• [WORK INSTRUCTION]
The answer must be every line below that contains the string "sqrt".
[Opening THE DATA section]
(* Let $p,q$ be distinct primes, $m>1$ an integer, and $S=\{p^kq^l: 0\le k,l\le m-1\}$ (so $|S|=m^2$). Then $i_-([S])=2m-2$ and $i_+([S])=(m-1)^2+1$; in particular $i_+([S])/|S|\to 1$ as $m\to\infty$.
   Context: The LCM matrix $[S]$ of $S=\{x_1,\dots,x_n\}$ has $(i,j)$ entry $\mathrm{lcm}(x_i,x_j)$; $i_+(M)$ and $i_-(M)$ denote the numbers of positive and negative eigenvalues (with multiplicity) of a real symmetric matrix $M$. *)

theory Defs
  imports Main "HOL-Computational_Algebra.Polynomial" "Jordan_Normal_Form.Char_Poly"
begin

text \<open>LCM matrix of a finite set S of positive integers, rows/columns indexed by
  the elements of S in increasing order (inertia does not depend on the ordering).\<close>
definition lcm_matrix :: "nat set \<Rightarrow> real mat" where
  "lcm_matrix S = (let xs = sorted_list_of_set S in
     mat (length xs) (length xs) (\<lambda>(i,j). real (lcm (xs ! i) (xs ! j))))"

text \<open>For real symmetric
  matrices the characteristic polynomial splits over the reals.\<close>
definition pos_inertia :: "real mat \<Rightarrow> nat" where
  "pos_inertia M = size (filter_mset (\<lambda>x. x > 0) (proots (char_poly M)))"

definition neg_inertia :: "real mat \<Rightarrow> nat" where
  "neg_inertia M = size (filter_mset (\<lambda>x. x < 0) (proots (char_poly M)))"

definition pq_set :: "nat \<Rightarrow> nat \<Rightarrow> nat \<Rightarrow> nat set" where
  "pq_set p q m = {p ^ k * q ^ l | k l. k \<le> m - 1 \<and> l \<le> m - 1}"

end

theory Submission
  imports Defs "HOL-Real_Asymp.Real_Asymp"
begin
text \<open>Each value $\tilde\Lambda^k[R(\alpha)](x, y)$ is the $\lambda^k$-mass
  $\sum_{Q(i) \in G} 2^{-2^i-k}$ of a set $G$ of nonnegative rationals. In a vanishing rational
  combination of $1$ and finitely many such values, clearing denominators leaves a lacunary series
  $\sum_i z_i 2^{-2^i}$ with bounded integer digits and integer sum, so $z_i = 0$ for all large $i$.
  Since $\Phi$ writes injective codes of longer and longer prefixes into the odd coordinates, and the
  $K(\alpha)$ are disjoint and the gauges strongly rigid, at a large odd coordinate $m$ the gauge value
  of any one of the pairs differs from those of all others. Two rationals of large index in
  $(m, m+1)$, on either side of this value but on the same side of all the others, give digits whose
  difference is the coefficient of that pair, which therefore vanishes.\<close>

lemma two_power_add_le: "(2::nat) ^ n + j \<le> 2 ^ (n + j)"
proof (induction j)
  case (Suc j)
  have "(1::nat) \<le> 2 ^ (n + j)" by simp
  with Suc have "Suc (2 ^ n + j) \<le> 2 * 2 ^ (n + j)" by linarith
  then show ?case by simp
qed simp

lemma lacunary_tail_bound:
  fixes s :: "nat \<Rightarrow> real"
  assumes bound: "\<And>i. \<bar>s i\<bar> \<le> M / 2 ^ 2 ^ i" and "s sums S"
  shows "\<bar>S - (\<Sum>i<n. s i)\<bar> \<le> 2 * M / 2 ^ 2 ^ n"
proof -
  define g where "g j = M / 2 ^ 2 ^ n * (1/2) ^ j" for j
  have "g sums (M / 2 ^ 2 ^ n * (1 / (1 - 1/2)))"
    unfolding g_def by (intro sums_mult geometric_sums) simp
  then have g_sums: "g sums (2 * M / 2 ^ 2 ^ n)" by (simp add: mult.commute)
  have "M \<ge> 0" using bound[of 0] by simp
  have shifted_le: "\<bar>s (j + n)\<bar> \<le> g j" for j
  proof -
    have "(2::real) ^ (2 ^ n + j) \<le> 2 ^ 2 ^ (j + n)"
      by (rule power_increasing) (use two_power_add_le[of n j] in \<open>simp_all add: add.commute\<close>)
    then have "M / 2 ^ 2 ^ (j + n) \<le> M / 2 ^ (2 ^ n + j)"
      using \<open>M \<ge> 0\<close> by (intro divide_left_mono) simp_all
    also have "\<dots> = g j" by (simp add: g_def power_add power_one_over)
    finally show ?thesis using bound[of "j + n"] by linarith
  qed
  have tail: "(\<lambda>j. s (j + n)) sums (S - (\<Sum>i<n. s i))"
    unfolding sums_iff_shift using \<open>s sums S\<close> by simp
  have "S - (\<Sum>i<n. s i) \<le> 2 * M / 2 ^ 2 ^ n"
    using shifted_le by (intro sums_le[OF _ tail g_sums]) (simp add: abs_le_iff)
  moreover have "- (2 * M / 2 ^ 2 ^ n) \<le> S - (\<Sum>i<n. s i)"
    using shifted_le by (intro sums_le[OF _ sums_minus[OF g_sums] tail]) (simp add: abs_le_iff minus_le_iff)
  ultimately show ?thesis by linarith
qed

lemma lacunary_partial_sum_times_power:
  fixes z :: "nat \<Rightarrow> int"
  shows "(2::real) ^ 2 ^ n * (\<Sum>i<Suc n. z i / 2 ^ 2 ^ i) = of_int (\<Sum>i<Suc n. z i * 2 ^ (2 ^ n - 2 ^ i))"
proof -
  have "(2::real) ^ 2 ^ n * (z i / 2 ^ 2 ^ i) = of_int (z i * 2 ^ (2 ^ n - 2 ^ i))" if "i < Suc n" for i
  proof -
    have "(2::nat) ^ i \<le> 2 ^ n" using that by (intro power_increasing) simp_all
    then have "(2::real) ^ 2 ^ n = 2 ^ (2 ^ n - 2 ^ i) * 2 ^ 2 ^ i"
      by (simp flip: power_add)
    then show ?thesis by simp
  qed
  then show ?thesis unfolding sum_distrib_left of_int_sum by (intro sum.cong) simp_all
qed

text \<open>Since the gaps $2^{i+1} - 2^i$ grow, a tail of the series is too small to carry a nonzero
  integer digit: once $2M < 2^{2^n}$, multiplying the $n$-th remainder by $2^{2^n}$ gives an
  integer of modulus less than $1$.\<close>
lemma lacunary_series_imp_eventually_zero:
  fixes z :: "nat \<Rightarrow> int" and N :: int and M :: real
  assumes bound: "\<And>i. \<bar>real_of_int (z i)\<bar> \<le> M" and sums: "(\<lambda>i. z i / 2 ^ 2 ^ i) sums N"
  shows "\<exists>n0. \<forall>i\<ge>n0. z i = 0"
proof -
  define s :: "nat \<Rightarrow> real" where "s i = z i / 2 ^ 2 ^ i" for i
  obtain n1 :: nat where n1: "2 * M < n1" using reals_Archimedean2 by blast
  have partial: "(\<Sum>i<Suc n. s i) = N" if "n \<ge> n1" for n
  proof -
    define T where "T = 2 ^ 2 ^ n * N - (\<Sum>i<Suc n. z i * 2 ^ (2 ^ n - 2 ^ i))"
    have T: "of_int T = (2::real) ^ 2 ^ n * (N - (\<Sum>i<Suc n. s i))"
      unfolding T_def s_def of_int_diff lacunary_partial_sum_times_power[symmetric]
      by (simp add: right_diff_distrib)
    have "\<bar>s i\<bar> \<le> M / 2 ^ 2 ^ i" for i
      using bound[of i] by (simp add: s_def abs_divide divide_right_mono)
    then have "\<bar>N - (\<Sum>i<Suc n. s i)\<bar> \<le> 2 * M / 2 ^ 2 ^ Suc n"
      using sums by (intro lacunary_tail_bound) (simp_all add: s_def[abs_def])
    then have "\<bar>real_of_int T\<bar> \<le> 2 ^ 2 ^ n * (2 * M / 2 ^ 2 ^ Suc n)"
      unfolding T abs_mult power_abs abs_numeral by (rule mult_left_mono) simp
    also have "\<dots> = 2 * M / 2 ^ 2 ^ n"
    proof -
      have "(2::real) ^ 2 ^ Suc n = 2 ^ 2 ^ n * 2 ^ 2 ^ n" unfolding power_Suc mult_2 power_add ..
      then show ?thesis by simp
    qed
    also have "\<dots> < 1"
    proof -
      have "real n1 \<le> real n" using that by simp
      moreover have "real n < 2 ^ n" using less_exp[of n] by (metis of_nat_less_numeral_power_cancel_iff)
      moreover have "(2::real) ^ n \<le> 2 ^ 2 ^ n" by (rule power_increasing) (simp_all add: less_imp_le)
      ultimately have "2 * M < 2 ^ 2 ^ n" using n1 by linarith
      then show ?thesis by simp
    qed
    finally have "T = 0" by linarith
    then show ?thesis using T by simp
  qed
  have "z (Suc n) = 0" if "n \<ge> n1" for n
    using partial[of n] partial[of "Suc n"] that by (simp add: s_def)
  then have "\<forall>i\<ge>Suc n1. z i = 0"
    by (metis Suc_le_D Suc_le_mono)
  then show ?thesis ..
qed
[Closing THE DATA section]
[Opening THE DATA section]
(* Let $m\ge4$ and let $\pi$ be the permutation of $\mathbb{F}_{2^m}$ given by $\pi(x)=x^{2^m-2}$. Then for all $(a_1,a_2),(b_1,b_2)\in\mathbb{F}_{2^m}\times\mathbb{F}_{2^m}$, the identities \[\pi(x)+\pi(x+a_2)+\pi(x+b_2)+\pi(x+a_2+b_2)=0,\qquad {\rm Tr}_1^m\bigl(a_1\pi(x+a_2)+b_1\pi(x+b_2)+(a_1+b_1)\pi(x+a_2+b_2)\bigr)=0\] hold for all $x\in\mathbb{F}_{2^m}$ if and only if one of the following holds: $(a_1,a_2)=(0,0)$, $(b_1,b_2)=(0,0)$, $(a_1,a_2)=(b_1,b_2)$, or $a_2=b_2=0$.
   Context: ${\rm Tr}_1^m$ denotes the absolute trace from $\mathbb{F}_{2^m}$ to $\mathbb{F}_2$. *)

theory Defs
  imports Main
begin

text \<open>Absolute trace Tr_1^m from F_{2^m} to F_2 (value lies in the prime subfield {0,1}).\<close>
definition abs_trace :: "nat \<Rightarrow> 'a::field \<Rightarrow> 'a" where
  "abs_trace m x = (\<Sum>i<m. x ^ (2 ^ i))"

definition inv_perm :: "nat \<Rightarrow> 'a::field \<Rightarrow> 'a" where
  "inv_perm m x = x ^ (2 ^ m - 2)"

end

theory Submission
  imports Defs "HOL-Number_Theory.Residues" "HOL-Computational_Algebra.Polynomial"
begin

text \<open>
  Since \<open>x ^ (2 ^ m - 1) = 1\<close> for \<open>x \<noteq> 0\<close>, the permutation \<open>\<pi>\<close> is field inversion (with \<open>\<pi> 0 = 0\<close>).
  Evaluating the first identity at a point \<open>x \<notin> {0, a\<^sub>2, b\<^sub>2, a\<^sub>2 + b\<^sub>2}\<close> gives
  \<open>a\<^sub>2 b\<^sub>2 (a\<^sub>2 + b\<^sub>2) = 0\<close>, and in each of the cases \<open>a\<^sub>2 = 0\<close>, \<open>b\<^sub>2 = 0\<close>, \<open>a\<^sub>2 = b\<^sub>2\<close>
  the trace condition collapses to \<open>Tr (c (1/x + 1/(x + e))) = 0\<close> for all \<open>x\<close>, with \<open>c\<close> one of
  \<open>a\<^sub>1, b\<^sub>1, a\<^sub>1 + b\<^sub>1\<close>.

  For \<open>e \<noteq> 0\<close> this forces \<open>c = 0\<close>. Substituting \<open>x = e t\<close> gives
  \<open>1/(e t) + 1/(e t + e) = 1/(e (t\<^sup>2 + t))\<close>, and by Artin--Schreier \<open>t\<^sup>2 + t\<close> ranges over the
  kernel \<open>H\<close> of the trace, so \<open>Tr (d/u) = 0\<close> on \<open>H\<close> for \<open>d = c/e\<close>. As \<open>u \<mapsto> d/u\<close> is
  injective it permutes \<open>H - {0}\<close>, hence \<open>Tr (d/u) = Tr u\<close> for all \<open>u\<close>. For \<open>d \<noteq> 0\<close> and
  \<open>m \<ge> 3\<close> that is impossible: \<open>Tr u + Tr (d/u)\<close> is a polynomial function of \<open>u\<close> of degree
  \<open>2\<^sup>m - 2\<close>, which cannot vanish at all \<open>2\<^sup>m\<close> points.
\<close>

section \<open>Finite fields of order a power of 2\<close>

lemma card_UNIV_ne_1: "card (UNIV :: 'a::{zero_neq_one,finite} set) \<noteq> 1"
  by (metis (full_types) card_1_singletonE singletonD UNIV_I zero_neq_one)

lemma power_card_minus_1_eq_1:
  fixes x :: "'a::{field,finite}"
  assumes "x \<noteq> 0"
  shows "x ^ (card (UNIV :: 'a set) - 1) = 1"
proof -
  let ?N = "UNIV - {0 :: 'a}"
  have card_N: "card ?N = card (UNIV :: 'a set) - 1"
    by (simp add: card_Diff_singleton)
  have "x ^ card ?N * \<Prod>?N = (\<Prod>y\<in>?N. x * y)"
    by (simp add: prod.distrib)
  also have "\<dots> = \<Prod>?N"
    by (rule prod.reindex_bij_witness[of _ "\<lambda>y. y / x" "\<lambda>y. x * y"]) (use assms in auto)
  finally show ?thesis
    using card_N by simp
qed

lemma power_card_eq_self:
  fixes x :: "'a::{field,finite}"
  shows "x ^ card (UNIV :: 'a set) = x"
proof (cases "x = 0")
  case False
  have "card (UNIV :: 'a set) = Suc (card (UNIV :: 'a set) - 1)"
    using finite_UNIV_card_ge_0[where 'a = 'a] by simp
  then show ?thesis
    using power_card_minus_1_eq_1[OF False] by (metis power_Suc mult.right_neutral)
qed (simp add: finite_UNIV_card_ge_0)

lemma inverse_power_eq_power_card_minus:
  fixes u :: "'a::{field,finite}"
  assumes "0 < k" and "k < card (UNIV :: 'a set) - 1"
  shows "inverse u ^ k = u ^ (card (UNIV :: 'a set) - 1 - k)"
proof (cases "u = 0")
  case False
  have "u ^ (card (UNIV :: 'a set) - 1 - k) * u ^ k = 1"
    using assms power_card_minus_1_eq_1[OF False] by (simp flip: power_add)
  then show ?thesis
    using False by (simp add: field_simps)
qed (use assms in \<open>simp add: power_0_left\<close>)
[Closing THE DATA section]
[Opening THE DATA section]
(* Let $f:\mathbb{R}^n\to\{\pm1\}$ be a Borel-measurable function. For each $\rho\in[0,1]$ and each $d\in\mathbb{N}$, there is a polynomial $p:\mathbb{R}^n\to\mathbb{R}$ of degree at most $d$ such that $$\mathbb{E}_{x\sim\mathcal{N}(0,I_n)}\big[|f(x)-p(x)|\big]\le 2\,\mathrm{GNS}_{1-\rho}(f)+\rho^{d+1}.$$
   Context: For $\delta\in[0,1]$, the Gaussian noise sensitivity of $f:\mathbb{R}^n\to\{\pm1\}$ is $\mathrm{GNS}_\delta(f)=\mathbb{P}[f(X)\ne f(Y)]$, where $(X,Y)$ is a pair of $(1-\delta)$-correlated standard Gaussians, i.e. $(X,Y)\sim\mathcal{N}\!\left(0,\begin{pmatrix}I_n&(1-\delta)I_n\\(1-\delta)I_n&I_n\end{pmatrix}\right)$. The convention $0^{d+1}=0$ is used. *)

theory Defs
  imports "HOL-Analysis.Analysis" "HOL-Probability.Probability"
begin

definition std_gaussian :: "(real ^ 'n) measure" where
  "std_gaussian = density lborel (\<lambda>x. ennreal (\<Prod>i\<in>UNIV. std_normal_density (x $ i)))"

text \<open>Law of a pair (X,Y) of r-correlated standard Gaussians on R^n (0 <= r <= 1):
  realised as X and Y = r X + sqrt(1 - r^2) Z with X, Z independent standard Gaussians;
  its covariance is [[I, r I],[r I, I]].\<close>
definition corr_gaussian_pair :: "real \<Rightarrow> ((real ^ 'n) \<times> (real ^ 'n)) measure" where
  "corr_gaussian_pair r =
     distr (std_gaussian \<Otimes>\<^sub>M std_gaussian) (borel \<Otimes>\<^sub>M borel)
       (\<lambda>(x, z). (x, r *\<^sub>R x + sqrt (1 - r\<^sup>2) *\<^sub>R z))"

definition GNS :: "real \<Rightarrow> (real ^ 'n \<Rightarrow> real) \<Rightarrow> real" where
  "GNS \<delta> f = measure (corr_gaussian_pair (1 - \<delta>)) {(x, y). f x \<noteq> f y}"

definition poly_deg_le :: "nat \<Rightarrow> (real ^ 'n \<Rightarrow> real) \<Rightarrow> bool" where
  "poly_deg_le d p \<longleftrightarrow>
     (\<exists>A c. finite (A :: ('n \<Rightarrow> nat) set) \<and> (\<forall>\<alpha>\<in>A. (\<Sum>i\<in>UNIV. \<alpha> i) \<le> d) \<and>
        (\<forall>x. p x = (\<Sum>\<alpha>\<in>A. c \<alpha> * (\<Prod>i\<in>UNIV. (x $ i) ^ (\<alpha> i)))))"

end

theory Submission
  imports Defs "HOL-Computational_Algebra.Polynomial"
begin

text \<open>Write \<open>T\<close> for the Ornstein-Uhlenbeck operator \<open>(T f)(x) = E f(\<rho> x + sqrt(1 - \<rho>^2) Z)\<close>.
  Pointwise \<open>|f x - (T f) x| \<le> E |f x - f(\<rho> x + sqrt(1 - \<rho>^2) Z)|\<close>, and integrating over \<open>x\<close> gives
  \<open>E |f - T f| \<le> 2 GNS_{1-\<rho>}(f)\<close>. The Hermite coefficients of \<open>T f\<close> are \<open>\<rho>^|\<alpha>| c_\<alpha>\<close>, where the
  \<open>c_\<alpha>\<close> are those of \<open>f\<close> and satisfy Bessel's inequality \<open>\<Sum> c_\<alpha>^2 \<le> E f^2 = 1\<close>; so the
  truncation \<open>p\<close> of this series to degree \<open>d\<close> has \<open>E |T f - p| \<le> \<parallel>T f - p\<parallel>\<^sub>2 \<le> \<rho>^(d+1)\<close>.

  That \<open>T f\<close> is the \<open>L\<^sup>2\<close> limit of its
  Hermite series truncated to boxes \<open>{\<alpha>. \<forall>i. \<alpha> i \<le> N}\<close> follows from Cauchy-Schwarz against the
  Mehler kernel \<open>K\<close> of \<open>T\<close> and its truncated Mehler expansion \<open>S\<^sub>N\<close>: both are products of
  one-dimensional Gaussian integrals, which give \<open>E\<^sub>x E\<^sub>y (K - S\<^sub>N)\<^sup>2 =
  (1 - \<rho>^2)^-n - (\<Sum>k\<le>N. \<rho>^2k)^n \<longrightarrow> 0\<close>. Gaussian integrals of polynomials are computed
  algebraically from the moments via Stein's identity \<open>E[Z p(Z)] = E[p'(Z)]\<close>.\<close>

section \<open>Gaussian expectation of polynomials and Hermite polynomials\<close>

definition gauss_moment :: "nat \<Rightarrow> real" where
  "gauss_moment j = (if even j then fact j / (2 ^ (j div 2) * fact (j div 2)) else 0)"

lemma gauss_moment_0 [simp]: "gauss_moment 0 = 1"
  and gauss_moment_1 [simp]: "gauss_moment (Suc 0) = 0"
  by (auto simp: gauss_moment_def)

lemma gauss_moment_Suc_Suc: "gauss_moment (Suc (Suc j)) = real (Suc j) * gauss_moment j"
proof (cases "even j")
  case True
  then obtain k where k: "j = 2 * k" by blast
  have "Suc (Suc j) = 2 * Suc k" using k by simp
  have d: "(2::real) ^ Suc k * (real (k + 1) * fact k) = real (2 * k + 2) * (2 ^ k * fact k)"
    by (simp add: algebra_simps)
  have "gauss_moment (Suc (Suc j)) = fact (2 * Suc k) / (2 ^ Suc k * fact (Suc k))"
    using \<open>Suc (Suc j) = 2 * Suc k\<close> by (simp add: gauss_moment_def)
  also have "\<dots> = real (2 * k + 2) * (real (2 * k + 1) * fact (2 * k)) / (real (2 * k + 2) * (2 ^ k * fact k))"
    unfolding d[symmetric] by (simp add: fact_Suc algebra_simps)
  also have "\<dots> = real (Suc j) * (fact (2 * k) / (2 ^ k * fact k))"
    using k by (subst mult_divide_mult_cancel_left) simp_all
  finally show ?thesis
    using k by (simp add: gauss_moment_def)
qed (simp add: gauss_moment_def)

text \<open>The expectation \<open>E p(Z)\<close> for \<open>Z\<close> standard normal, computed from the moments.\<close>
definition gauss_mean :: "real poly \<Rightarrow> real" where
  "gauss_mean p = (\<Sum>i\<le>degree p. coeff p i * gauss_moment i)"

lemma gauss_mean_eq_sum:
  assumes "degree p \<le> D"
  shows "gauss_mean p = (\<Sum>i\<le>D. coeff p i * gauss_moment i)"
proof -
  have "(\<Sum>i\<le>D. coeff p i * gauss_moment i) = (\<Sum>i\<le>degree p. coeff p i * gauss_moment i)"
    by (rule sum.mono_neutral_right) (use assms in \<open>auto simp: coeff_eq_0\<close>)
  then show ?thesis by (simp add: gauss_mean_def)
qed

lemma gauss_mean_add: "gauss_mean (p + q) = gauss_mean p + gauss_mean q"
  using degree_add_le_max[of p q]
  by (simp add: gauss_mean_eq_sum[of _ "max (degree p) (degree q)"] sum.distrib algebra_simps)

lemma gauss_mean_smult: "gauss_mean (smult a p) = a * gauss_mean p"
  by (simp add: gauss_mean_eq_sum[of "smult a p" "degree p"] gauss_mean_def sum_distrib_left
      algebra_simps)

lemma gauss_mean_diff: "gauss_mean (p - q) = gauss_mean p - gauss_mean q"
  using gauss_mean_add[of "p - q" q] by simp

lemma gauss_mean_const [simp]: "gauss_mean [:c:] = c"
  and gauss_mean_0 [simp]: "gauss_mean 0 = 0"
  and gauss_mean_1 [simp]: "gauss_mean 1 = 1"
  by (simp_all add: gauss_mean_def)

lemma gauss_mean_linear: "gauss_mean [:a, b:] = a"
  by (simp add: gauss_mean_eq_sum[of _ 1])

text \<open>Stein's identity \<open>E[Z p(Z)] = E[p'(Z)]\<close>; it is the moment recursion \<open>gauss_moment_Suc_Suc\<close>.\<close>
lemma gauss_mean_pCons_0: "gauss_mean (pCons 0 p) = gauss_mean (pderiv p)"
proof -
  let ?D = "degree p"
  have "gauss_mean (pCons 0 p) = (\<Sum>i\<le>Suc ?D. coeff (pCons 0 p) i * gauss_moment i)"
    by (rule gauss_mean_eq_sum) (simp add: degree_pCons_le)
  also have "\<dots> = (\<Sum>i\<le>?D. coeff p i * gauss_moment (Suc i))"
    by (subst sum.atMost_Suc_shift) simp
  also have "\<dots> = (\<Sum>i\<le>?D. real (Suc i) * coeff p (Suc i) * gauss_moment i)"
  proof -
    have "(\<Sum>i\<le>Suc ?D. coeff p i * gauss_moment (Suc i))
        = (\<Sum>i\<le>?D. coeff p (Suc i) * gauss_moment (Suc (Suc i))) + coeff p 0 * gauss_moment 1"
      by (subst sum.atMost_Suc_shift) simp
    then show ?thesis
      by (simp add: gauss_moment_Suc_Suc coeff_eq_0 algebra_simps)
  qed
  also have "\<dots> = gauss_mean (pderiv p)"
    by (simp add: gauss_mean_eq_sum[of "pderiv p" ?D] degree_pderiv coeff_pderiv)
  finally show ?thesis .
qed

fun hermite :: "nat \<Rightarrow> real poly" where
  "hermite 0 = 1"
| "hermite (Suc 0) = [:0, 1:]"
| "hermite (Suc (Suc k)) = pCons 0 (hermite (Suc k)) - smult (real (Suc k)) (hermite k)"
[Closing THE DATA section]
• [ANSWER FOR THIS EXERCISE]
  realised as X and Y = r X + sqrt(1 - r^2) Z with X, Z independent standard Gaussians;
       (\<lambda>(x, z). (x, r *\<^sub>R x + sqrt (1 - r\<^sup>2) *\<^sub>R z))"
text \<open>Write \<open>T\<close> for the Ornstein-Uhlenbeck operator \<open>(T f)(x) = E f(\<rho> x + sqrt(1 - \<rho>^2) Z)\<close>.
  Pointwise \<open>|f x - (T f) x| \<le> E |f x - f(\<rho> x + sqrt(1 - \<rho>^2) Z)|\<close>, and integrating over \<open>x\<close> gives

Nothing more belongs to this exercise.